All resource files in this chapter are available on GitHub.

Pods

A pod is the smallest deployable unit that can be created, scheduled, and managed. It’s a logical collection of containers that belong to an application. Pods are created in a namespace. All containers in a pod share the namespace, volumes, and networking stack. This allows containers in the pod to “find” each other and communicate using localhost.

Each resource in Kubernetes can be defined using a configuration file. For example, a WildFly pod can be defined with the configuration file shown in Example 1-1.

Example 1-1. Pod configuration
apiVersion: v1 1
kind: Pod 2
metadata: 3
  name: wildfly-pod 4
  labels: 5
    name: wildfly-pod
spec: 6
  containers: 7
  - name: wildfly 8
    image: jboss/wildfly:10.1.0.Final 8
    ports:
    - containerPort: 8080 9

This configuration file uses the following properties:

1

apiVersion defines the version of the Kubernetes API. This is now fixed at v1 and allows for the API to evolve in the future.

2

kind defines the type of this resource—in this example, that value is Pod.

3

metadata allows you to attach information about the resource.

4

Each resource must have a name attribute. If this attribute is not set, then you must specify the generateName attribute, which is then used as a prefix to generate a unique name. Optionally, you can use a namespace property to specify a namespace for the pod. Namespaces provide a scope for names and are explained further in “Namespaces”.

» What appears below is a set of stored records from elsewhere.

lemma interior_vec_mv_nth_contract_vec:
  "mv_interior u (vec_mv \<gamma>) $ J = (-1) ^ card J * (\<gamma> \<bullet> contract_vec u J)"
proof -
  have "\<gamma> \<bullet> contract_vec u J =
      (\<Sum>p\<in>UNIV. \<gamma> $ p * (if J \<inter> {p} = {} then sgn_pair J {p} * u $ (J \<union> {p}) else 0))"
    unfolding inner_vec_def contract_vec_def vec_lambda_beta interior_dxI_nth inner_real_def ..
  also have "\<dots> = (\<Sum>p\<in>-J. \<gamma> $ p * (if J \<inter> {p} = {} then sgn_pair J {p} * u $ (J \<union> {p}) else 0))"
    by (rule sum.mono_neutral_right) auto
  also have "\<dots> = (\<Sum>p\<in>-J. \<gamma> $ p * sgn_pair J {p} * u $ (insert p J))"
    by (intro sum.cong refl) auto
  finally have contract: "\<gamma> \<bullet> contract_vec u J = (\<Sum>p\<in>-J. \<gamma> $ p * sgn_pair J {p} * u $ (insert p J))" .
  show ?thesis
    unfolding interior_vec_mv_nth contract sum_distrib_left
    by (intro sum.cong refl) (simp add: sgn_pair_singleton_commute)
qed

lemma contract_vec_eq_0:
  assumes "homogeneous h u" "card J + 1 \<noteq> h"
  shows "contract_vec u J = 0"
proof -
  have "card (J \<union> {p}) \<noteq> h" if "J \<inter> {p} = {}" for p
    using that assms(2) by (simp add: card_Un_disjoint)
  then show ?thesis
    using assms(1) by (simp add: vec_eq_iff contract_vec_def interior_dxI_nth homogeneous_def)
qed

lemma interior_dxI_eq_vec_mv_contract_vec:
  assumes "homogeneous (Suc (card J)) u"
  shows "mv_interior u (dxI J) = vec_mv (contract_vec u J)"
proof (rule vec_eq_iff[THEN iffD2], rule allI)
  fix K :: "'a set"
  show "mv_interior u (dxI J) $ K = vec_mv (contract_vec u J) $ K"
  proof (cases "card K = 1")
    case True
    then obtain p where "K = {p}" by (auto simp: card_1_singleton_iff)
    then show ?thesis by (simp add: vec_mv_nth contract_vec_def)
  next
    case False
    have "u $ (J \<union> K) = 0" if "J \<inter> K = {}"
    proof -
      have "card (J \<union> K) \<noteq> Suc (card J)" using that False by (simp add: card_Un_disjoint)
      then show ?thesis using assms unfolding homogeneous_def by simp
    qed
    then show ?thesis using False by (simp add: interior_dxI_nth vec_mv_nth)
  qed
qed

lemma interior_orthogonal_comp_eq_0_iff:
  fixes Z :: "(real ^ 'n::{finite,linorder}) set"
  assumes "subspace Z"
  shows "(\<forall>\<gamma>\<in>Z\<^sup>\<bottom>. mv_interior u (vec_mv \<gamma>) = 0) \<longleftrightarrow> (\<forall>J. contract_vec u J \<in> Z)"
proof -
  have "(\<forall>\<gamma>\<in>Z\<^sup>\<bottom>. mv_interior u (vec_mv \<gamma>) = 0) \<longleftrightarrow> (\<forall>J. \<forall>\<gamma>\<in>Z\<^sup>\<bottom>. \<gamma> \<bullet> contract_vec u J = 0)"
    by (auto simp: vec_eq_iff interior_vec_mv_nth_contract_vec)
  also have "\<dots> \<longleftrightarrow> (\<forall>J. contract_vec u J \<in> Z\<^sup>\<bottom>\<^sup>\<bottom>)"
    by (simp add: orthogonal_comp_def orthogonal_def)
  finally show ?thesis by (simp add: orthogonal_comp_self[OF assms])
qed

lemma contract_vec_in_mv_span: "contract_vec u J \<in> mv_span h u"
  unfolding mv_span_def
  using interior_eq_0_if_in_Lambda interior_orthogonal_comp_eq_0_iff by blast

lemma wedge_interior_dxI_eq_0_iff:
  assumes "homogeneous h u" "distinct xs" "has_dual_family g (set xs)"
  shows "(\<forall>I. card I + 1 = h \<longrightarrow> wedge (wedge_vecs g xs) (mv_interior u (dxI I)) = 0)
     \<longleftrightarrow> (\<forall>J. contract_vec u J \<in> span (g ` set xs))"
proof -
  have "wedge (wedge_vecs g xs) (mv_interior u (dxI I)) = 0 \<longleftrightarrow> contract_vec u I \<in> span (g ` set xs)"
    if "card I + 1 = h" for I
    using interior_dxI_eq_vec_mv_contract_vec[of I u] wedge_wedge_vecs_vec_mv_eq_0_iff assms that
    by simp
  moreover have "contract_vec u J \<in> span (g ` set xs)" if "card J + 1 \<noteq> h" for J
    using contract_vec_eq_0[OF assms(1) that] by (simp add: span_zero)
  ultimately show ?thesis by metis
qed

section \<open>Divergence of multivector fields\<close>

abbreviation fderiv :: "('a::real_normed_vector \<Rightarrow> 'b::real_normed_vector) \<Rightarrow> 'a \<Rightarrow> 'a \<Rightarrow> 'b" where
  "fderiv f x \<equiv> frechet_derivative f (at x)"

lemma has_derivative_wedge:
  assumes "(F has_derivative F') (at x)" "(G has_derivative G') (at x)"
  shows "((\<lambda>y. wedge (F y) (G y)) has_derivative (\<lambda>h. wedge (F x) (G' h) + wedge (F' h) (G x))) (at x)"
proof -
  have "bounded_bilinear (wedge :: 'n::{finite,linorder} mvec \<Rightarrow> 'n mvec \<Rightarrow> 'n mvec)"
    unfolding bilinear_conv_bounded_bilinear[symmetric] bilinear_def
    using linear_wedge_right linear_wedge_left by blast
  from bounded_bilinear.FDERIV[OF this assms] show ?thesis .
qed

lemma has_derivative_vec_mv:
  "(a has_derivative a') (at x) \<Longrightarrow> ((\<lambda>y. vec_mv (a y)) has_derivative (\<lambda>h. vec_mv (a' h))) (at x)"
  using bounded_linear.has_derivative linear_conv_bounded_linear linear_vec_mv by blast

lemma differentiable_wedge:
  "F differentiable (at x) \<Longrightarrow> G differentiable (at x) \<Longrightarrow> (\<lambda>y. wedge (F y) (G y)) differentiable (at x)"
  using has_derivative_wedge unfolding differentiable_def by blast

lemma fderiv_wedge:
  assumes "F differentiable (at x)" "G differentiable (at x)"
  shows "fderiv (\<lambda>y. wedge (F y) (G y)) x h = wedge (F x) (fderiv G x h) + wedge (fderiv F x h) (G x)"
  using has_derivative_wedge[OF assms[unfolded frechet_derivative_works]]
  by (simp add: frechet_derivative_at[symmetric])

lemma differentiable_vec_mv: "a differentiable (at x) \<Longrightarrow> (\<lambda>y. vec_mv (a y)) differentiable (at x)"
  using has_derivative_vec_mv unfolding differentiable_def by blast

lemma fderiv_vec_mv:
  "a differentiable (at x) \<Longrightarrow> fderiv (\<lambda>y. vec_mv (a y)) x h = vec_mv (fderiv a x h)"
  using frechet_derivative_at[OF has_derivative_vec_mv[of a "fderiv a x" x], symmetric]
  by (simp add: frechet_derivative_works)

lemma mv_div_fderiv:
  assumes "H differentiable (at x)"
  shows "mv_div H x = (\<Sum>j\<in>UNIV. mv_interior (fderiv H x (axis j 1)) (dx j))"
proof -
  have "partial (\<lambda>y. H y $ I) j x = fderiv H x (axis j 1) $ I" for I j
  proof -
    have "((\<lambda>y. H y $ I) has_derivative (\<lambda>h. fderiv H x h $ I)) (at x)"
      using bounded_linear.has_derivative[OF bounded_linear_vec_nth] assms frechet_derivative_works
      by blast
    from frechet_derivative_at[OF this, symmetric] show ?thesis unfolding partial_def by simp
  qed
  then show ?thesis unfolding mv_div_def by (simp add: vec_eq_iff)
qed

lemma linear_axis_expansion:
  assumes "linear L"
  shows "(\<Sum>j\<in>UNIV. x $ j *\<^sub>R L (axis j 1)) = L (x :: real ^ 'n::finite)"
proof -
  have "L x = L (\<Sum>j\<in>UNIV. x $ j *\<^sub>R axis j 1)"
    using basis_expansion[of x] by (simp add: scalar_mult_eq_scaleR)
  then show ?thesis using assms by (simp add: linear_sum linear_scale)
qed

definition vf_div ::
  "(real ^ 'n::{finite,linorder} \<Rightarrow> real ^ 'n::{finite,linorder}) \<Rightarrow> real ^ 'n::{finite,linorder} \<Rightarrow> real"
where
  "vf_div a x = (\<Sum>j\<in>UNIV. fderiv a x (axis j 1) $ j)"

text \<open>On vector fields it is
  \<open>- lie_bracket a\<close>, since \<open>lie_bracket\<close> carries the opposite of the usual sign.\<close>

definition lie_deriv ::
  "(real ^ 'n::{finite,linorder} \<Rightarrow> real ^ 'n::{finite,linorder})
    \<Rightarrow> (real ^ 'n::{finite,linorder} \<Rightarrow> 'n mvec) \<Rightarrow> real ^ 'n::{finite,linorder} \<Rightarrow> 'n mvec"
where
  "lie_deriv a H x = fderiv H x (a x)
     - (\<Sum>j\<in>UNIV. wedge (vec_mv (fderiv a x (axis j 1))) (mv_interior (H x) (dx j)))"

lemma mv_div_wedge_vec_mv:
  assumes a: "a differentiable (at x)" and H: "H differentiable (at x)"
  shows "mv_div (\<lambda>y. wedge (vec_mv (a y)) (H y)) x
       = vf_div a x *\<^sub>R H x + lie_deriv a H x - wedge (vec_mv (a x)) (mv_div H x)"
proof -
  have "mv_div (\<lambda>y. wedge (vec_mv (a y)) (H y)) x =
     (\<Sum>j\<in>UNIV. (a x $ j) *\<^sub>R fderiv H x (axis j 1)
       - wedge (vec_mv (a x)) (mv_interior (fderiv H x (axis j 1)) (dx j))
       + ((fderiv a x (axis j 1) $ j) *\<^sub>R H x
       - wedge (vec_mv (fderiv a x (axis j 1))) (mv_interior (H x) (dx j))))"
    using differentiable_vec_mv[OF a] H
    by (simp add: mv_div_fderiv differentiable_wedge fderiv_wedge fderiv_vec_mv[OF a] interior_add
        interior_wedge_vec_mv dx_def inner_axis)
  also have "\<dots> = (\<Sum>j\<in>UNIV. (a x $ j) *\<^sub>R fderiv H x (axis j 1))
       - wedge (vec_mv (a x)) (\<Sum>j\<in>UNIV. mv_interior (fderiv H x (axis j 1)) (dx j))
       + (\<Sum>j\<in>UNIV. fderiv a x (axis j 1) $ j) *\<^sub>R H x
       - (\<Sum>j\<in>UNIV. wedge (vec_mv (fderiv a x (axis j 1))) (mv_interior (H x) (dx j)))"
    by (simp add: sum.distrib sum_subtractf wedge_sum_right scaleR_sum_left)
  also have "(\<Sum>j\<in>UNIV. (a x $ j) *\<^sub>R fderiv H x (axis j 1)) = fderiv H x (a x)"
    by (rule linear_axis_expansion[OF linear_frechet_derivative[OF H]])
  finally show ?thesis
    unfolding lie_deriv_def vf_div_def mv_div_fderiv[OF H, symmetric] by (simp add: algebra_simps)
qed

lemma lie_deriv_wedge_vec_mv:
  assumes a: "a differentiable (at x)" and b: "b differentiable (at x)" and K: "K differentiable (at x)"
  shows "lie_deriv a (\<lambda>y. wedge (vec_mv (b y)) (K y)) x
       = wedge (vec_mv (- lie_bracket a b x)) (K x) + wedge (vec_mv (b x)) (lie_deriv a K x)"
proof -
  let ?A = "\<lambda>j. fderiv a x (axis j 1)"
  have "(\<Sum>j\<in>UNIV. wedge (vec_mv (?A j)) (mv_interior (wedge (vec_mv (b x)) (K x)) (dx j)))
      = (\<Sum>j\<in>UNIV. (b x $ j) *\<^sub>R wedge (vec_mv (?A j)) (K x))
        + wedge (vec_mv (b x)) (\<Sum>j\<in>UNIV. wedge (vec_mv (?A j)) (mv_interior (K x) (dx j)))"
    by (simp add: interior_wedge_vec_mv dx_def inner_axis wedge_diff_right wedge_scale_right
        wedge_vec_mv_anticommute[of _ "b x"] sum_subtractf wedge_sum_right sum.distrib)
  also have "(\<Sum>j\<in>UNIV. (b x $ j) *\<^sub>R wedge (vec_mv (?A j)) (K x))
      = wedge (vec_mv (fderiv a x (b x))) (K x)"
  proof -
    have "linear (\<lambda>h. wedge (vec_mv (fderiv a x h)) (K x))"
      using linear_compose[OF linear_frechet_derivative[OF a] linear_wedge_vec_mv_left]
      by (simp add: o_def)
    from linear_axis_expansion[OF this] show ?thesis .
  qed
  finally have contract:
    "(\<Sum>j\<in>UNIV. wedge (vec_mv (?A j)) (mv_interior (wedge (vec_mv (b x)) (K x)) (dx j)))
      = wedge (vec_mv (fderiv a x (b x))) (K x)
        + wedge (vec_mv (b x)) (\<Sum>j\<in>UNIV. wedge (vec_mv (?A j)) (mv_interior (K x) (dx j)))" .
  have "vec_mv (- lie_bracket a b x) = vec_mv (fderiv b x (a x)) - vec_mv (fderiv a x (b x))"
    unfolding lie_bracket_def using linear_diff[OF linear_vec_mv] linear_neg[OF linear_vec_mv] by simp
  then have "wedge (vec_mv (fderiv b x (a x))) (K x)
      = wedge (vec_mv (- lie_bracket a b x)) (K x) + wedge (vec_mv (fderiv a x (b x))) (K x)"
    by (simp add: wedge_add_left[symmetric])
  then show ?thesis
    using differentiable_vec_mv[OF b] K
    by (simp add: lie_deriv_def fderiv_wedge fderiv_vec_mv[OF b] contract wedge_diff_right
        wedge_diff_left algebra_simps)
qed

In addition to these properties, there are two types of metadata: metadata.labels and metadata.annotations. They both are defined as key/value pairs.

5

Labels are designed to specify identifying attributes of the object that are meaningful and relevant to the users, but which do not directly imply semantics to the core system. Multiple labels can be attached to a resource. For example, name: wildfly-pod is a label assigned to this pod. Labels can be used to organize and to select subsets of objects.

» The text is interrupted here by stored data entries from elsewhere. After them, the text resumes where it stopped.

lemma sum_round_up_bounds:
  "N \<le> (\<Sum>a\<in>UNIV. round_up N x a)" "(\<Sum>a\<in>UNIV. round_up N x a) \<le> N + CARD('a)"
proof -
  have "real N = (\<Sum>a\<in>UNIV. real N * x a)" using x(2) by (simp flip: sum_distrib_left)
  also have "\<dots> \<le> (\<Sum>a\<in>UNIV. real (round_up N x a))" by (intro sum_mono round_up_bounds)
  finally have "real N \<le> real (\<Sum>a\<in>UNIV. round_up N x a)" by simp
  then show "N \<le> (\<Sum>a\<in>UNIV. round_up N x a)" by (simp only: of_nat_le_iff)
  have "(\<Sum>a\<in>UNIV. real (round_up N x a)) \<le> (\<Sum>a\<in>UNIV. real N * x a + 1)"
    by (intro sum_mono round_up_bounds)
  also have "\<dots> = real N + real CARD('a)"
    using x(2) by (simp add: sum.distrib flip: sum_distrib_left)
  finally have "real (\<Sum>a\<in>UNIV. round_up N x a) \<le> real (N + CARD('a))" by simp
  then show "(\<Sum>a\<in>UNIV. round_up N x a) \<le> N + CARD('a)" by (simp only: of_nat_le_iff)
qed

lemma sum_round_up_pos: "0 < (\<Sum>a\<in>UNIV. round_up N x a)"
  using sum_round_up_bounds(1) card_le_imp_pos[OF N] by linarith

lemma sum_round_distr: "(\<Sum>a\<in>UNIV. round_distr N x a) = 1"
proof -
  have "(\<Sum>a\<in>UNIV. round_distr N x a)
          = real (\<Sum>a\<in>UNIV. round_up N x a) / real (\<Sum>a\<in>UNIV. round_up N x a)"
    by (simp only: round_distr_def sum_divide_distrib[symmetric] of_nat_sum[symmetric])
  also have "\<dots> = 1"
    using sum_round_up_pos by (metis divide_self gr_implies_not0 of_nat_eq_0_iff)
  finally show ?thesis .
qed

lemma round_distr_eq_0_iff: "round_distr N x a = 0 \<longleftrightarrow> x a = 0"
proof -
  have "round_distr N x a = 0 \<longleftrightarrow> round_up N x a = 0"
    unfolding round_distr_def using sum_round_up_pos
    by (metis divide_eq_0_iff of_nat_eq_0_iff gr_implies_not0)
  also have "\<dots> \<longleftrightarrow> \<lceil>real N * x a\<rceil> \<le> 0"
    by (simp add: round_up_def)
  also have "\<dots> \<longleftrightarrow> x a = 0"
    using card_le_imp_pos[OF N] x(1)[of a] by (simp add: mult_le_0_iff)
  finally show ?thesis .
qed

lemma round_distr_bounds:
  "real N * x a / (real N + real CARD('a)) \<le> round_distr N x a"
  "round_distr N x a \<le> x a + 1 / real N"
proof -
  define J where "J = real (\<Sum>b\<in>UNIV. round_up N x b)"
  have J: "real N \<le> J" "J \<le> real N + real CARD('a)"
    using sum_round_up_bounds unfolding J_def by linarith+
  have "real N * x a / (real N + real CARD('a)) \<le> real N * x a / J"
    using x(1)[of a] J card_le_imp_pos[OF N] by (intro divide_left_mono) auto
  also have "\<dots> \<le> round_distr N x a"
    unfolding round_distr_def J_def[symmetric] using round_up_bounds(1) J card_le_imp_pos[OF N]
    by (intro divide_right_mono) auto
  finally show "real N * x a / (real N + real CARD('a)) \<le> round_distr N x a" .
  have "round_distr N x a \<le> real (round_up N x a) / real N"
    unfolding round_distr_def J_def[symmetric] using J card_le_imp_pos[OF N] by (intro divide_left_mono) auto
  also have "\<dots> \<le> (real N * x a + 1) / real N"
    using round_up_bounds(2) by (intro divide_right_mono) auto
  also have "\<dots> = x a + 1 / real N"
    using card_le_imp_pos[OF N] by (simp add: field_simps)
  finally show "round_distr N x a \<le> x a + 1 / real N" .
qed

Annotations are defined using metadata.annotations[]. They are designed to be nonidentifying arbitrary information attached to the object. Some information that can be recorded here is build/release information, such as release IDs, Git branch, and PR numbers.

6

spec defines the specification of the resource, pod in our case.

7

containers defines all the containers within the pod.

8

Each container must have a uniquely identified name and image property. name defines the name of the container, and image defines the Docker image used for that container. Some other commonly used properties in this section are:

args

A command array containing arguments to the entry point

env

A list of environment variables in key:value format to set in the container

9

ports define the list of ports to expose from the container. WildFly runs on port 8080, and thus that port is listed here. This allows other resources in Kubernetes to access this container on this port.

In addition, restartPolicy can be used to define the restart policy of all containers within the pod. volumes[] can be used to list volumes that can be mounted by containers belonging to the pod.

Pods are generally not created directly, as they do not survive node or scheduling failures. They are mostly created using a replication controller or deployment.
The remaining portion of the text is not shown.